The reason these policies are fantasies is because of the corruption that we have allowed to evolve inside Washington, D.C. One NASA scientist, Jim Hansen, has written that the biggest obstacle to climate change legislation is money in politics. That’s certainly true, but it’s not just true about climate change. Every important issue that Washington faces is affected by this corruption. And what America needs right now is candidates willing to explain this truth, to describe a plan to fix it, and to commit to fixing it not someday, but on Day One.
A “democracy” in which 400 families give 50 percent of the money in campaigns is not American democracy. It is a banana republic democracy.
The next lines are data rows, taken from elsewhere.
(* Fix $\nu>0$. (a) $L(\nu/\mu,\mu)\to E(\nu)$ as $\mu\to\infty$, and $\mathrm{L}(\nu/\lambda,\lambda)\to E(\nu)$ as $\lambda\to\infty$. (b) $\mathrm{Ssi}(\nu/\lambda,\lambda)\to\mathrm{Si}(\nu)$ as $\lambda\to\infty$. (c) $\lambda\,\mathrm{Eci}(\nu/\lambda,\lambda)\to i(1-e^{i\nu})$ as $\lambda\to\infty$.
   Context: $L(x,\mu)=\sum_{k=1}^\infty \frac{e^{ikx}}{k+\mu}$; $\mathrm{L}(x,\lambda)=e^{-ix}L\left(2x,\frac{\lambda-1}{2}\right)$; $E(t)=\int_0^\infty\frac{e^{iu}}{u+t}\,du$ for $t>0$; $\mathrm{Si}(t)=\int_0^t\frac{\sin u}{u}\,du$; $\mathrm{Ssi}(x,\lambda)=\int_0^x\frac{\sin\lambda t}{\sin t}\,dt$; $\mathrm{Eci}(x,\lambda)=\int_0^x\frac{e^{it\lambda}}{\cos t}\,dt$. *)

theory Defs
  imports "HOL-Analysis.Analysis" "HOL-Probability.Sinc_Integral"
begin

definition Lser :: "real \<Rightarrow> real \<Rightarrow> complex" where
  "Lser x \<mu> = (\<Sum>k. exp (\<i> * of_real (real (Suc k) * x)) / of_real (real (Suc k) + \<mu>))"

definition Lbold :: "real \<Rightarrow> real \<Rightarrow> complex" where
  "Lbold x lam = exp (- \<i> * of_real x) * Lser (2 * x) ((lam - 1) / 2)"

text \<open>E(t) = int_0^infty e^{iu}/(u+t) du, an improper (conditionally convergent) integral.\<close>
definition Eint :: "real \<Rightarrow> complex" where
  "Eint t = Lim at_top (\<lambda>R. integral {0..R} (\<lambda>u. exp (\<i> * of_real u) / of_real (u + t)))"

definition Ssi :: "real \<Rightarrow> real \<Rightarrow> real" where
  "Ssi x lam = integral {0..x} (\<lambda>t. sin (lam * t) / sin t)"

definition Eci :: "real \<Rightarrow> real \<Rightarrow> complex" where
  "Eci x lam = integral {0..x} (\<lambda>t. exp (\<i> * of_real (t * lam)) / of_real (cos t))"

end

theory Submission
  imports Defs "HOL-Real_Asymp.Real_Asymp"
begin

(* Substituting t = s / lam turns Ssi (nu / lam) lam and lam * Eci (nu / lam) lam into integrals over
   [0, nu] of sinc s / sinc (s / lam) and e^(i s) / cos (s / lam); these integrands converge uniformly
   to sinc s and e^(i s), with error at most (nu / lam)^2.

   For L, the identity x e^(i k x) = c x * (integral of e^(i u) over [(k - 1) x, k x]), where
   c x = i x / (1 - e^(- i x)) tends to 1, exhibits L (x, mu) / c x as a Riemann sum with step x for
   the improper integral E (mu x). Since 1 / (u + mu x) decreases, the errors of the cells telescope
   to at most 1 / mu. As E is locally Lipschitz on (0, oo), L (x, mu) tends to E nu whenever x -> 0+,
   mu -> oo and mu x -> nu; both limits in (a) are instances of this. *)

lemma abs_cos_minus_1_le:
  fixes x :: real
  shows "\<bar>cos x - 1\<bar> \<le> x^2 / 2"
proof -
  have "sin (x/2)^2 \<le> (x/2)^2"
    using abs_sin_x_le_abs_x[of "x/2"] by (metis abs_ge_zero power2_abs power_mono)
  then show ?thesis using cos_double_sin[of "x/2"] by (simp add: power_divide)
qed

lemma abs_sinc_minus_1_le: "\<bar>sinc x - 1\<bar> \<le> x^2 / 6"
proof (cases "x = 0")
  case False
  have "\<bar>sin x - x\<bar> \<le> \<bar>x\<bar>^3 / 6"
    using Maclaurin_sin_bound[of x 3] by (simp add: sin_coeff_def numeral_3_eq_3 fact_numeral)
  then have "\<bar>sin x - x\<bar> / \<bar>x\<bar> \<le> x^2 / 6"
    using False by (simp add: divide_le_eq power2_eq_square power3_eq_cube)
  moreover have "sin x / x - 1 = (sin x - x) / x" using False by (simp add: field_simps)
  ultimately show ?thesis using False by (simp add: abs_divide)
qed simp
A “democracy” in which candidates for Congress spend 30 percent to 70 percent of their time raising money from the tiniest fraction of the 1 percent is not a democracy that could be responsive to the people. It is a democracy that will be responsive to those funders only. What America needs right now is to recognize — all of America, not just the Democrats — that until we fix this democracy, none of the urgent and important policies pushed by these politicians is possible.
They promise the moon. We need to promise the truth: that the rocket has no fuel to carry us to the moon, and it won’t get any, not until we find a way to restore a representative democracy. That truth doesn’t play well in D.C. The consultants think it’s a downer. They fear downers don’t win votes.
But that truth need not depress anyone. The reforms that would fix this system are possible, and constitutional. And as poll after poll has demonstrated, such reforms would be supported strongly by voters in both parties. If these reforms were adopted, America could solve the real problems that are holding us back.
Democrats need to take the lead in pressing for this reform — real reform, not the pretense that transparency would fix everything, or the fantasy (as things stand now) of an amendment to the Constitution, or the suggestion that this corruption was created by the Supreme Court. Not reform as just one policy among fifteen, but as the first priority. That will make the party’s other priorities actually credible.
If we did that, we could rally to our side the many Independents and Republicans who also believe this system is a corruption, and that this corruption must end. Fixing this democracy would be easier than creating the Game of Thrones or Uber or the iPhone or Hamilton on Broadway. It’s the sort of thing Americans should be able to do well — if only we had leaders willing to rally America to what must be done now.
In 2008, Barack Obama said this to a Philadelphia audience:
If we don’t take up the fight [to change the way Washington works], then real change — change that would make a lasting difference in the lives of ordinary Americans — will keep getting blocked by the defenders of the status quo.
Obama was right in 2008. That he didn’t take up that fight then is one of the great missed opportunities of American political history.
We Democrats should take it up now. But that will only happen if there is someone on that debate stage willing to say what most of America is already thinking: Yes, the policies the Democrats are pushing are the future of America. But we won’t get any of them until we fix this democracy first. And we won’t fix this democracy until there is someone who is willing to rally America to that truth.
No Democrat is doing that right now. Someone should. I am trying. So why are the insiders trying to keep me silent?
Lawrence Lessig is a Democratic candidate for president, and Roy L. Furman professor of law and leadership at Harvard Law School.